Доходы государства взимаются по этому же самому мерилу, т. е. по смыслу Корана: купец платит сороковую часть стоимости своих товаров; земледелец с своих полей отдает государю четвертую долю жатвы. Так как большая часть земель отчислена духовным лицам и религиозным учреждениям, то со многих из них взимается три десятых доли урожая: не взирая, однако же, на это, земледельцы ни сколько не жалуются на такой непомерный сбор. В Туркестане земля ценится по количеству воды, которым она [479] можег располагать и потому сановник, закидывающий распределением этой жизненной потребности по различным водопроводам в окрестностях столицы, занимает одно из первых мест в государстве. Денежная плата собирается со всех садов, огородов и дынных полей. Жители, не принадлежащие к числу магоммедан, платят ежегодно поголовную подать. Во время войны облагаются податью все домовладельцы. Бухарская таможня также доставляет значительную сумму; но за этим исключением весь государственный доход получается с земли. В следующей таблице подробно объяснено количество сбора.

В семи томанах Бухары. Раметан

4000

Зандани

6.000

Уафканд

3.000

Уарданзи

3.000

Кирабад

4000

Уангази

6.000

Кишдоуан

5.000

   

31.000 [480]

В пяти томанах Самарканда. Шираз

6.000

Сохуд

4.000

Афинканд

6.000

Анхар

5.000

Шоудар

12.000

   

33.000

В округах Самарканда. Панджканд

4.000

Уметан

2.000

Пан

2.000

Уругат

6.000

Карратиппа

2.000

   

16.000

В Мианкале или Ката Кургане; между Бухарою и Самаркандом. Каттакурган

12.000

Катарчи

6.000

Панджшамба

5.000

Митан

4.000

Нуратор

5.000

Энги Курган

6.000

Чалак

5.000 [481]

   

43.000 

В Кермане. Кермина

12.000

Зудин

15.000

   

27.000

В Дикиззаке. Джиззак

8.000

   

8.000

В Кирши. Карши

12.000

Хозар

6.000

Ширабаил

5.000

Садабад

4.000

Чирагчи

5.000

   

32.000

На берегах Окса, называемых Лаб-и-аб. Наразси

5.000

Каки

4.000

Чарджуи

8.000

Утар

5.000

   

22.000

В Каракуле. Каракул

15.000

   

15.000

В г. Бухаре. Бухара

50.000

   

50.000

Общий итог в тиллах.  

277.000

Эта сумма равняется 18 лакам рупий. [482]

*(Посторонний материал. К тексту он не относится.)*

(* Let $n\ge2$ and $0<r<1$ (with $r=\alpha/\beta$, $\alpha,\beta>0$, $\alpha^2+\beta^2=1$). Let $\gamma_-^{(n)}$ be the unique root in $(0,1-r^{2/n})$ of $\alpha^2+\beta^2\gamma^n=\alpha\beta(1-\gamma)^{n/2}$, let $\gamma_+^{(n)}=1-r^{2/n}$ and $\gamma_e^{(n)}=r^{2/n}$. Set $r_1^{(n)}=(1+2^{2/n})^{-n/2}$ and $r_2^{(n)}=2^{-n/2}$ (equivalently $\alpha_1^{(n)}=1/\sqrt{1+(1+2^{2/n})^n}$ and $\alpha_2^{(n)}=1/\sqrt{1+2^n}$). Then - if $r<r_1^{(n)}$: $\gamma_e^{(n)}<\gamma_-^{(n)}<\gamma_+^{(n)}$; - if $r_1^{(n)}<r<r_2^{(n)}$: $\gamma_-^{(n)}<\gamma_e^{(n)}<\gamma_+^{(n)}$; - if $r_2^{(n)}<r<1$: $\gamma_-^{(n)}<\gamma_+^{(n)}<\gamma_e^{(n)}$. In particular for $n=2$ the boundaries are $\alpha=1/\sqrt{10}$ and $\alpha=1/\sqrt5$.
   Context: These are the thresholds of the amplitude-damped state $\rho_n(\gamma)=\mathcal E_\gamma^{\otimes n}(|\psi_n\rangle\langle\psi_n|)$, $|\psi_n\rangle=\alpha|0^n\rangle+\beta|1^n\rangle$, where $\mathcal E_\gamma$ is single-qubit amplitude damping (Kraus operators $|0\rangle\langle0|+\sqrt{1-\gamma}|1\rangle\langle1|$ and $\sqrt\gamma|0\rangle\langle1|$): $\gamma_\mp^{(n)}$ are where the trajectory enters/exits the stabilizer polytope, and $\gamma_e^{(n)}=r^{2/n}$ is where the bipartite negativity vanishes. *)

theory Defs
  imports Complex_Main
begin

text \<open>Threshold where the trajectory exits the stabilizer polytope.\<close>
definition gamma_plus :: "nat \<Rightarrow> real \<Rightarrow> real" where
  "gamma_plus n r = 1 - r powr (2 / real n)"

text \<open>Threshold where the bipartite negativity vanishes.\<close>
definition gamma_e :: "nat \<Rightarrow> real \<Rightarrow> real" where
  "gamma_e n r = r powr (2 / real n)"

definition gamma_minus_eq :: "nat \<Rightarrow> real \<Rightarrow> real \<Rightarrow> real \<Rightarrow> bool" where
  "gamma_minus_eq n \<alpha> \<beta> g \<longleftrightarrow>
     \<alpha>^2 + \<beta>^2 * g^n = \<alpha> * \<beta> * (1 - g) powr (real n / 2)"

definition r1 :: "nat \<Rightarrow> real" where
  "r1 n = (1 + 2 powr (2 / real n)) powr (- real n / 2)"

definition r2 :: "nat \<Rightarrow> real" where
  "r2 n = 2 powr (- real n / 2)"

definition alpha1 :: "nat \<Rightarrow> real" where
  "alpha1 n = 1 / sqrt (1 + (1 + 2 powr (2 / real n)) ^ n)"

definition alpha2 :: "nat \<Rightarrow> real" where
  "alpha2 n = 1 / sqrt (1 + 2 ^ n)"

end

theory Submission
  imports Defs
begin

text \<open>Dividing the defining equation of gamma_minus by beta^2 turns it into F(gamma) = 0 for the
  strictly increasing function F(x) = r^2 + x^n - r (1 - x)^(n/2) on [0, 1]. Hence gamma_minus lies
  above or below s = gamma_e = r^(2/n) according to the sign of F(s) = r (2 r - (1 - s)^(n/2)).
  Since 2 r = (2^(2/n) s)^(n/2), this is the sign of (1 + 2^(2/n)) s - 1, which changes exactly
  at r = r1. Likewise gamma_e < gamma_plus = 1 - s iff s < 1/2 iff r < r2. The thresholds in alpha
  follow because alpha = 1 / sqrt (1 + 1/r^2) is an increasing function of r.\<close>

lemma powr_less_base_iff:
  fixes a x y :: real
  assumes "0 < a" "0 \<le> x" "0 \<le> y"
  shows "x powr a < y powr a \<longleftrightarrow> x < y"
  using assms by (metis not_le powr_less_mono2 powr_mono2 less_imp_le)

definition gamma_minus_residual :: "nat \<Rightarrow> real \<Rightarrow> real \<Rightarrow> real" where
  "gamma_minus_residual n r x = r^2 + x^n - r * (1 - x) powr (real n / 2)"

lemma gamma_minus_eq_iff_residual:
  assumes "\<beta> > 0"
  shows "gamma_minus_eq n \<alpha> \<beta> g \<longleftrightarrow> gamma_minus_residual n (\<alpha> / \<beta>) g = 0"
proof -
  have "\<alpha>^2 + \<beta>^2 * g^n - \<alpha> * \<beta> * (1 - g) powr (real n / 2)
        = \<beta>^2 * gamma_minus_residual n (\<alpha> / \<beta>) g"
    using assms by (simp add: gamma_minus_residual_def field_simps power2_eq_square)
  moreover have "\<beta>^2 \<noteq> 0" using assms by simp
  ultimately show ?thesis
    unfolding gamma_minus_eq_def by (metis mult_eq_0_iff right_minus_eq)
qed

lemma gamma_minus_residual_strict_mono:
  assumes "0 < n" "0 < r"
  shows "strict_mono_on {0..1} (gamma_minus_residual n r)"
proof (rule strict_mono_onI)
  fix x y :: real
  assume "x \<in> {0..1}" "y \<in> {0..1}" "x < y"
  then have "x^n < y^n"
    using assms(1) by (simp add: power_strict_mono)
  moreover have "r * (1 - y) powr (real n / 2) \<le> r * (1 - x) powr (real n / 2)"
    using assms(2) \<open>y \<in> {0..1}\<close> \<open>x < y\<close> by (simp add: powr_mono2)
  ultimately show "gamma_minus_residual n r x < gamma_minus_residual n r y"
    unfolding gamma_minus_residual_def by linarith
qed

lemma gamma_e_pos: "0 < r \<Longrightarrow> 0 < gamma_e n r"
  by (simp add: gamma_e_def)

lemma gamma_e_less_one: "0 < n \<Longrightarrow> 0 < r \<Longrightarrow> r < 1 \<Longrightarrow> gamma_e n r < 1"
  unfolding gamma_e_def by (metis divide_pos_pos of_nat_0_less_iff powr01_less_one zero_less_numeral)

lemma gamma_e_powr_half:
  assumes "0 < n" "0 < r"
  shows "gamma_e n r powr (real n / 2) = r"
  using assms by (simp add: gamma_e_def powr_powr)

lemma gamma_e_power:
  assumes "0 < n" "0 < r"
  shows "gamma_e n r ^ n = r^2"
  using assms by (simp add: gamma_e_def powr_power)

lemma gamma_minus_residual_gamma_e:
  assumes "0 < n" "0 < r"
  shows "gamma_minus_residual n r (gamma_e n r)
           = r * (2 * r - (1 - gamma_e n r) powr (real n / 2))"
  using gamma_e_power[OF assms]
  by (simp add: gamma_minus_residual_def algebra_simps power2_eq_square)

lemma two_mult_less_powr_iff:
  assumes "0 < n" "0 < r" "r < 1"
  shows "2 * r < (1 - gamma_e n r) powr (real n / 2)
           \<longleftrightarrow> 2 powr (2 / real n) * gamma_e n r < 1 - gamma_e n r"
    and "(1 - gamma_e n r) powr (real n / 2) < 2 * r
           \<longleftrightarrow> 1 - gamma_e n r < 2 powr (2 / real n) * gamma_e n r"
proof -
  have "2 * r = (2 powr (2 / real n) * gamma_e n r) powr (real n / 2)"
    using assms by (simp add: powr_mult powr_powr gamma_e_powr_half)
  moreover have "0 \<le> 2 powr (2 / real n) * gamma_e n r" "0 \<le> 1 - gamma_e n r"
    using assms gamma_e_pos[of r n] gamma_e_less_one[of n r] by auto
  moreover have "0 < real n / 2"
    using assms by simp
  ultimately show "2 * r < (1 - gamma_e n r) powr (real n / 2)
           \<longleftrightarrow> 2 powr (2 / real n) * gamma_e n r < 1 - gamma_e n r"
    and "(1 - gamma_e n r) powr (real n / 2) < 2 * r
           \<longleftrightarrow> 1 - gamma_e n r < 2 powr (2 / real n) * gamma_e n r"
    by (simp_all add: powr_less_base_iff)
qed

lemma gamma_e_compare_gamma_minus:
  assumes "0 < n" "0 < r" "r < 1"
    and "0 \<le> g" "g \<le> 1" "gamma_minus_residual n r g = 0"
  shows "gamma_e n r < g \<longleftrightarrow> gamma_e n r * (1 + 2 powr (2 / real n)) < 1"
    and "g < gamma_e n r \<longleftrightarrow> 1 < gamma_e n r * (1 + 2 powr (2 / real n))"
proof -
  let ?F = "gamma_minus_residual n r" and ?s = "gamma_e n r"
  have s01: "?s \<in> {0..1}" and g01: "g \<in> {0..1}"
    using assms gamma_e_pos[of r n] gamma_e_less_one[of n r] by auto
  note mono = strict_mono_on_less[OF gamma_minus_residual_strict_mono[OF assms(1,2)]]
  have "?s < g \<longleftrightarrow> ?F ?s < 0"
    using mono[OF s01 g01] assms(6) by simp
  also have "\<dots> \<longleftrightarrow> 2 * r < (1 - ?s) powr (real n / 2)"
    using assms(1,2) by (simp add: gamma_minus_residual_gamma_e mult_less_0_iff)
  finally show "?s < g \<longleftrightarrow> ?s * (1 + 2 powr (2 / real n)) < 1"
    using two_mult_less_powr_iff(1)[OF assms(1-3)] by (simp add: algebra_simps)
  have "g < ?s \<longleftrightarrow> 0 < ?F ?s"
    using mono[OF g01 s01] assms(6) by simp
  also have "\<dots> \<longleftrightarrow> (1 - ?s) powr (real n / 2) < 2 * r"
    using assms(1,2) by (simp add: gamma_minus_residual_gamma_e zero_less_mult_iff)
  finally show "g < ?s \<longleftrightarrow> 1 < ?s * (1 + 2 powr (2 / real n))"
    using two_mult_less_powr_iff(2)[OF assms(1-3)] by (simp add: algebra_simps)
qed

lemma less_powr_neg_half_iff:
  assumes "0 < n" "0 < r" "0 < t"
  shows "r < t powr (- real n / 2) \<longleftrightarrow> gamma_e n r * t < 1"
    and "t powr (- real n / 2) < r \<longleftrightarrow> 1 < gamma_e n r * t"
proof -
  have pos: "0 < 2 / real n"
    using assms(1) by simp
  have "(t powr (- real n / 2)) powr (2 / real n) = t powr (- real n / 2 * (2 / real n))"
    by (rule powr_powr)
  also have "\<dots> = 1 / t"
    using assms by (simp add: powr_minus_divide)
  finally have "(t powr (- real n / 2)) powr (2 / real n) = 1 / t" .
  then have "r < t powr (- real n / 2) \<longleftrightarrow> gamma_e n r < 1 / t"
       and "t powr (- real n / 2) < r \<longleftrightarrow> 1 / t < gamma_e n r"
    using powr_less_base_iff[OF pos, of r "t powr (- real n / 2)"]
      powr_less_base_iff[OF pos, of "t powr (- real n / 2)" r] assms(2)
    by (simp_all add: gamma_e_def)
  then show "r < t powr (- real n / 2) \<longleftrightarrow> gamma_e n r * t < 1"
    and "t powr (- real n / 2) < r \<longleftrightarrow> 1 < gamma_e n r * t"
    using assms(3) by (simp_all add: field_simps)
qed

lemma r1_pos: "0 < r1 n"
proof -
  have "0 < 1 + 2 powr (2 / real n)"
    by (simp add: add_pos_nonneg)
  then show ?thesis
    by (simp add: r1_def)
qed

lemma r2_pos: "0 < r2 n"
  by (simp add: r2_def)

lemma less_r1_iff:
  assumes "0 < n" "0 < r"
  shows "r < r1 n \<longleftrightarrow> gamma_e n r * (1 + 2 powr (2 / real n)) < 1"
    and "r1 n < r \<longleftrightarrow> 1 < gamma_e n r * (1 + 2 powr (2 / real n))"
proof -
  have "0 < 1 + 2 powr (2 / real n)"
    by (simp add: add_pos_nonneg)
  then show "r < r1 n \<longleftrightarrow> gamma_e n r * (1 + 2 powr (2 / real n)) < 1"
    and "r1 n < r \<longleftrightarrow> 1 < gamma_e n r * (1 + 2 powr (2 / real n))"
    unfolding r1_def using less_powr_neg_half_iff[OF assms] by simp_all
qed

lemma less_r2_iff:
  assumes "0 < n" "0 < r"
  shows "r < r2 n \<longleftrightarrow> gamma_e n r < 1 - gamma_e n r"
    and "r2 n < r \<longleftrightarrow> 1 - gamma_e n r < gamma_e n r"
  unfolding r2_def using less_powr_neg_half_iff[OF assms zero_less_two]
  by (simp_all add: mult.commute)

lemma gamma_plus_eq: "gamma_plus n r = 1 - gamma_e n r"
  by (simp add: gamma_plus_def gamma_e_def)

definition amplitude_of_ratio :: "real \<Rightarrow> real" where
  "amplitude_of_ratio t = 1 / sqrt (1 + 1 / t^2)"

lemma amplitude_of_ratio_eq:
  assumes "\<alpha> > 0" "\<beta> > 0" "\<alpha>^2 + \<beta>^2 = 1"
  shows "amplitude_of_ratio (\<alpha> / \<beta>) = \<alpha>"
proof -
  have "1 + 1 / (\<alpha> / \<beta>)^2 = 1 / \<alpha>^2"
    using assms by (simp add: field_simps)
  then show ?thesis
    using assms(1) by (simp add: amplitude_of_ratio_def real_sqrt_divide)
qed

lemma amplitude_of_ratio_less_iff:
  assumes "0 < x" "0 < y"
  shows "amplitude_of_ratio x < amplitude_of_ratio y \<longleftrightarrow> x < y"
proof -
  have "amplitude_of_ratio x < amplitude_of_ratio y \<longleftrightarrow> inverse (y^2) < inverse (x^2)"
    by (simp add: amplitude_of_ratio_def inverse_eq_divide[symmetric] add_pos_nonneg)
  also have "\<dots> \<longleftrightarrow> x^2 < y^2"
    using assms by simp
  also have "\<dots> \<longleftrightarrow> x < y"
    using assms by (metis not_le power_mono_iff less_imp_le zero_less_numeral)
  finally show ?thesis .
qed

lemma ratio_less_iff_amplitude_less:
  assumes "\<alpha> > 0" "\<beta> > 0" "\<alpha>^2 + \<beta>^2 = 1" "0 < t"
  shows "\<alpha> / \<beta> < t \<longleftrightarrow> \<alpha> < amplitude_of_ratio t"
    and "t < \<alpha> / \<beta> \<longleftrightarrow> amplitude_of_ratio t < \<alpha>"
proof -
  have "0 < \<alpha> / \<beta>"
    using assms by simp
  then show "\<alpha> / \<beta> < t \<longleftrightarrow> \<alpha> < amplitude_of_ratio t"
    and "t < \<alpha> / \<beta> \<longleftrightarrow> amplitude_of_ratio t < \<alpha>"
    using amplitude_of_ratio_less_iff[of "\<alpha> / \<beta>" t] amplitude_of_ratio_less_iff[of t "\<alpha> / \<beta>"]
      amplitude_of_ratio_eq[OF assms(1-3)] assms(4) by simp_all
qed

lemma inverse_sq_powr_neg_half:
  assumes "0 < t"
  shows "1 / (t powr (- real n / 2))^2 = t^n"
proof -
  have "(t powr (- real n / 2))^2 = t powr (- real n)"
    using assms powr_power[of t "- real n / 2" 2] by simp
  then show ?thesis
    using assms by (simp add: powr_minus_divide powr_realpow)
qed

lemma alpha1_eq_amplitude: "alpha1 n = amplitude_of_ratio (r1 n)"
proof -
  have "0 < 1 + 2 powr (2 / real n)"
    by (simp add: add_pos_nonneg)
  then show ?thesis
    by (simp only: alpha1_def r1_def amplitude_of_ratio_def inverse_sq_powr_neg_half)
qed

lemma alpha2_eq_amplitude: "alpha2 n = amplitude_of_ratio (r2 n)"
  by (simp only: alpha2_def r2_def amplitude_of_ratio_def inverse_sq_powr_neg_half zero_less_numeral)

theorem corollary1:
  fixes n :: nat and \<alpha> \<beta> r g :: real
  assumes n2: "n \<ge> 2"
    and pos: "\<alpha> > 0" "\<beta> > 0"
    and norm: "\<alpha>^2 + \<beta>^2 = 1"
    and rdef: "r = \<alpha> / \<beta>"
    and r01: "0 < r" "r < 1"
    and groot: "0 < g" "g < 1 - r powr (2 / real n)" "gamma_minus_eq n \<alpha> \<beta> g"
  shows "(r < r1 n \<longrightarrow> gamma_e n r < g \<and> g < gamma_plus n r)
       \<and> (r1 n < r \<and> r < r2 n \<longrightarrow> g < gamma_e n r \<and> gamma_e n r < gamma_plus n r)
       \<and> (r2 n < r \<and> r < 1 \<longrightarrow> g < gamma_plus n r \<and> gamma_plus n r < gamma_e n r)
       \<and> (r < r1 n \<longleftrightarrow> \<alpha> < alpha1 n) \<and> (r1 n < r \<longleftrightarrow> alpha1 n < \<alpha>)
       \<and> (r < r2 n \<longleftrightarrow> \<alpha> < alpha2 n) \<and> (r2 n < r \<longleftrightarrow> alpha2 n < \<alpha>)
       \<and> (n = 2 \<longrightarrow> alpha1 n = 1 / sqrt 10 \<and> alpha2 n = 1 / sqrt 5)"
proof -
  have n0: "0 < n"
    using n2 by simp
  have g_below_plus: "g < gamma_plus n r"
    using groot(2) by (simp add: gamma_plus_def)
  then have g_le_1: "g \<le> 1"
    using gamma_e_pos[OF r01(1), of n] by (simp add: gamma_plus_eq)
  have root: "gamma_minus_residual n r g = 0"
    using groot(3) pos(2) rdef by (simp add: gamma_minus_eq_iff_residual)
  note gamma_minus_vs_e =
    gamma_e_compare_gamma_minus[OF n0 r01 less_imp_le[OF groot(1)] g_le_1 root]
  note alpha1_iff =
    ratio_less_iff_amplitude_less[OF pos norm r1_pos, folded rdef alpha1_eq_amplitude]
  note alpha2_iff =
    ratio_less_iff_amplitude_less[OF pos norm r2_pos, folded rdef alpha2_eq_amplitude]
  have "n = 2 \<longrightarrow> alpha1 n = 1 / sqrt 10 \<and> alpha2 n = 1 / sqrt 5"
    by (simp add: alpha1_def alpha2_def)
  then show ?thesis
    using gamma_minus_vs_e g_below_plus less_r1_iff[OF n0 r01(1)] less_r2_iff[OF n0 r01(1)]
      alpha1_iff alpha2_iff
    by (auto simp: gamma_plus_eq)
qed

end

Государство не получает ничего с Балка; говорят, что доходы его уменьшились с числом народонаселения и что он в настоящее время доставляет только 20,000 тилл, которые обыкновенно выплачиваются Эшан Ходжу, начальнику этой области, обязывающемуся в замену защищать ее. Как Балк, так и Джиззак составляют новейшие приобретения Бухары. Из всего собранного мною по этому предмету я заключаю, что чистый поземельный доход этого государства простирается почти до тридцати шести лаков рупий, т. е. он вдвое больше того, что получается государскою казною, ибо около половины всей земли принадлежит духовенству. В приведенной выше таблице все имена собственные означают торговые местечки, за исключением пяти томанов Самарканда. Все эти имена древние. Должно заметить, что наше понятие о городах и деревнях может быть применено только с большими ограничениями в Туркестане, где базар, или торговое место, нередко есть ни что иное, как небольшая деревенька, [483] жители которой преимущественно живут в робатах, в некотором от нее расстоянии и приезжают туда из за десяти, или пятнадцати миль только в базарные дни.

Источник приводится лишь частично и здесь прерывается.